Governor-General of the Belgian Congo
- In office 31 December 1946 – 1 January 1952
- Monarchs: Leopold III (1946–51) Baudouin (1951–52)
- Preceded by: Pierre Ryckmans
- Succeeded by: Léon Pétillon

Vice Governor-General Governor of Ruanda-Urundi
- In office 18 August 1932 – 5 July 1946
- Monarchs: Albert I (1932–34) Leopold III (1934–46)
- Governors General: Auguste Tilkens Pierre Ryckmans
- Preceded by: Charles Voisin
- Succeeded by: Maurice Simon

Personal details
- Born: Eugène Jacques Pierre Louis Jungers 19 July 1888 Messancy, Belgium
- Died: 17 September 1958 (aged 70) Brussels, Belgium

= Eugène Jungers =

Belgian colonial civil servant and lawyer

Eugène Jungers (1888–1958) was a Belgian colonial civil servant and lawyer. Beginning his career in the Belgian Congo as a colonial magistrate, Jungers rose rapidly through the judiciary and became the colonial governor of the League of Nations Mandate of Ruanda-Urundi from 1932 to 1946. In 1946, Jungers was further promoted to Governor-General of the Belgian Congo, the senior administrative position in the colony, which he held from 1946 to 1952.

== Early life ==
Jungers was born in Messancy, a small Belgian town on the border with Luxembourg, on 19 July 1888 to a family of Luxembourgish ancestry. He studied at the University of Liège, graduating with a doctorate in Law in 1910.
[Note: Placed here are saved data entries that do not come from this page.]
lemma prime_power_in_Per_hyperspace_if_outside_divisor_image:
  fixes f :: "'a::t2_space \<Rightarrow> 'a" and p :: nat
  assumes "compact X" and "continuous_on X f" and "f ` X \<subseteq> X"
    and "C \<in> hyperspace X" and periodic: "(f ^^ n) ` C = C" and "0 < n"
    and "prime p" and "p ^ a dvd n" and x: "x \<in> C - (f ^^ (n div p)) ` C"
  shows "p ^ a \<in> Per (hyperspace X) (induced_map f)"
proof -
  have "C \<subseteq> X" and "compact C"
    using assms(1,4) compact_if_in_hyperspace by (auto simp: hyperspace_def)
  have cont: "continuous_on C (f ^^ k)" for k
    using continuous_on_subset[OF continuous_on_funpow[OF assms(2,3)] \<open>C \<subseteq> X\<close>] .
  define \<F> where "\<F> = (\<lambda>j. (f ^^ j) ` C) ` {..<n}"
  have "finite \<F>"
    unfolding \<F>_def by simp
  have \<F>: "closed S \<and> (f ^^ n) ` S \<subseteq> S" if "S \<in> \<F>" for S
  proof -
    obtain j where S: "S = (f ^^ j) ` C"
      using \<open>S \<in> \<F>\<close> unfolding \<F>_def by blast
    have "compact S"
      unfolding S using cont \<open>compact C\<close> by (rule compact_continuous_image)
    moreover have "(f ^^ n) ` S = S"
      using funpow_image_periodic[OF periodic, of 1 j]
      by (simp add: S image_comp funpow_add[symmetric] add.commute)
    ultimately show ?thesis
      by (simp add: compact_imp_closed)
  qed
  have "(f ^^ (n div p)) ` C \<in> \<F>"
    unfolding \<F>_def using \<open>0 < n\<close> prime_gt_1_nat[OF \<open>prime p\<close>] by simp
  from exists_invariant_subset_of_type[OF \<open>compact C\<close> cont periodic \<open>finite \<F>\<close> \<F> this x]
  obtain y P where y: "y \<in> C - (f ^^ (n div p)) ` C"
    and P: "compact P" "P \<subseteq> C" "(f ^^ n) ` P = P" "y \<in> P"
    and type: "\<And>z S. z \<in> P \<Longrightarrow> S \<in> \<F> \<Longrightarrow> y \<in> S \<Longrightarrow> z \<in> S"
    by blast
  have "p ^ a dvd e" if "z \<in> P" "(f ^^ e) z = y" for z e
  proof (rule prime_power_dvd_return_time[OF periodic \<open>prime p\<close> \<open>p ^ a dvd n\<close>])
    show "z \<in> (f ^^ j) ` C" if "y \<in> (f ^^ j) ` C" for j
      using type[OF \<open>z \<in> P\<close>, of "(f ^^ (j mod n)) ` C"] that \<open>0 < n\<close>
      unfolding \<F>_def funpow_image_mod[OF periodic, of j] by simp
  qed (use y that in auto)
  moreover have "P \<subseteq> X"
    using P(2) \<open>C \<subseteq> X\<close> by blast
  ultimately show ?thesis
    using in_Per_hyperspace_if_return_times_dvd[OF assms(2,3) P(1) _ P(3) \<open>0 < n\<close> P(4)]
      prime_gt_0_nat[OF \<open>prime p\<close>] by simp
qed

lemma prime_power_divisor_in_Per_hyperspace:
  fixes f :: "'a::t2_space \<Rightarrow> 'a" and p :: nat
  assumes "compact X" and "continuous_on X f" and "f ` X \<subseteq> X"
    and "n \<in> Per (hyperspace X) (induced_map f)" and "prime p" and "a \<ge> 1" and "p ^ a dvd n"
  shows "p ^ a \<in> Per (hyperspace X) (induced_map f)"
proof -
  obtain C where "C \<in> hyperspace X" and period: "least_period (induced_map f) C n"
    using \<open>n \<in> Per (hyperspace X) (induced_map f)\<close> unfolding Per_def by blast
  then have "0 < n" and periodic: "(f ^^ n) ` C = C"
    by (auto simp: least_period_induced_map_iff)
  have "p dvd n"
    using dvd_trans[OF dvd_power[of a p] \<open>p ^ a dvd n\<close>] \<open>a \<ge> 1\<close> by simp
  then obtain d where n: "n = p * d"
    by (rule dvdE)
  with \<open>0 < n\<close> prime_gt_1_nat[OF \<open>prime p\<close>] have "0 < d" "d < n" "n div p = d"
    by auto
  with n have "\<not> C \<subseteq> (f ^^ (n div p)) ` C"
    using not_subset_funpow_image_if_least_period[OF period] by simp
  then obtain x where "x \<in> C - (f ^^ (n div p)) ` C"
    by blast
  then show ?thesis
    by (rule prime_power_in_Per_hyperspace_if_outside_divisor_image
        [OF assms(1-3) \<open>C \<in> hyperspace X\<close> periodic \<open>0 < n\<close> assms(5,7)])
qed

lemma Per_subset_Per_hyperspace:
  fixes f :: "'a::t1_space \<Rightarrow> 'a"
  shows "Per X f \<subseteq> Per (hyperspace X) (induced_map f)"
proof
  fix n assume "n \<in> Per X f"
  then obtain x where "x \<in> X" and "least_period f x n"
    unfolding Per_def by blast
  then have "{x} \<in> hyperspace X" and "least_period (induced_map f) {x} n"
    by (simp_all add: hyperspace_def least_period_def funpow_induced_map)
  then show "n \<in> Per (hyperspace X) (induced_map f)"
    unfolding Per_def by blast
qed

lemma one_in_Per_hyperspace:
  fixes f :: "'a::t2_space \<Rightarrow> 'a"
  assumes "compact X" and "X \<noteq> {}" and "continuous_on X f" and "f ` X \<subseteq> X"
  shows "1 \<in> Per (hyperspace X) (induced_map f)"
proof -
  have "compact (eventual_image f X)" and "f ` eventual_image f X = eventual_image f X"
    using assms(1,3,4) by (simp_all add: compact_eventual_image image_eventual_image)
  moreover have "eventual_image f X \<noteq> {}"
    using assms by (simp add: eventual_image_nonempty)
  ultimately have "eventual_image f X \<in> hyperspace X"
    and "least_period (induced_map f) (eventual_image f X) 1"
    using eventual_image_subset[of f X]
    by (auto simp: hyperspace_def compact_imp_closed least_period_induced_map_iff)
  then show ?thesis
    unfolding Per_def by blast
qed

theorem theorem5p1:
  fixes X :: "'a::metric_space set" and f :: "'a \<Rightarrow> 'a"
  assumes "compact X" and "X \<noteq> {}"
    and "continuous_on X f" and "f ` X \<subseteq> X"
  shows "Per X f \<union> {1} \<subseteq> Per (hyperspace X) (induced_map f) \<and>
         (\<forall>n p a. n \<in> Per (hyperspace X) (induced_map f) \<and> prime (p::nat) \<and> a \<ge> 1
           \<and> p ^ a dvd n \<longrightarrow> p ^ a \<in> Per (hyperspace X) (induced_map f))"
  using Per_subset_Per_hyperspace one_in_Per_hyperspace[OF assms]
    prime_power_divisor_in_Per_hyperspace[OF assms(1,3,4)]
  by blast

end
Joining the Belgian colonial service, Jungers arrived in the Belgian Congo in 1911 where he took up a position as junior magistrate. Posted around the colony, he quickly rose through the ranks of the colonial judiciary. In 1924, he was made resident of Ruanda. In 1932, he was promoted to the rank of Vice Governor-General and was given responsibility for the Belgian League of Nations mandate of Ruanda-Urundi (modern-day Rwanda and Burundi), replacing Charles Voisin. He held the position until 1946; a tenure which included World War II and the Ruzagayura famine of 1943–44.

In 1946, Jungers was promoted as the replacement for Pierre Ryckmans as Governor-General of the Belgian Congo, the most important administrative position in the colony. He held the position until 1952 after which he took a board position at the Office des transports coloniaux (OTRACO). He received a noble title in 1956 and died in Brussels in 1958.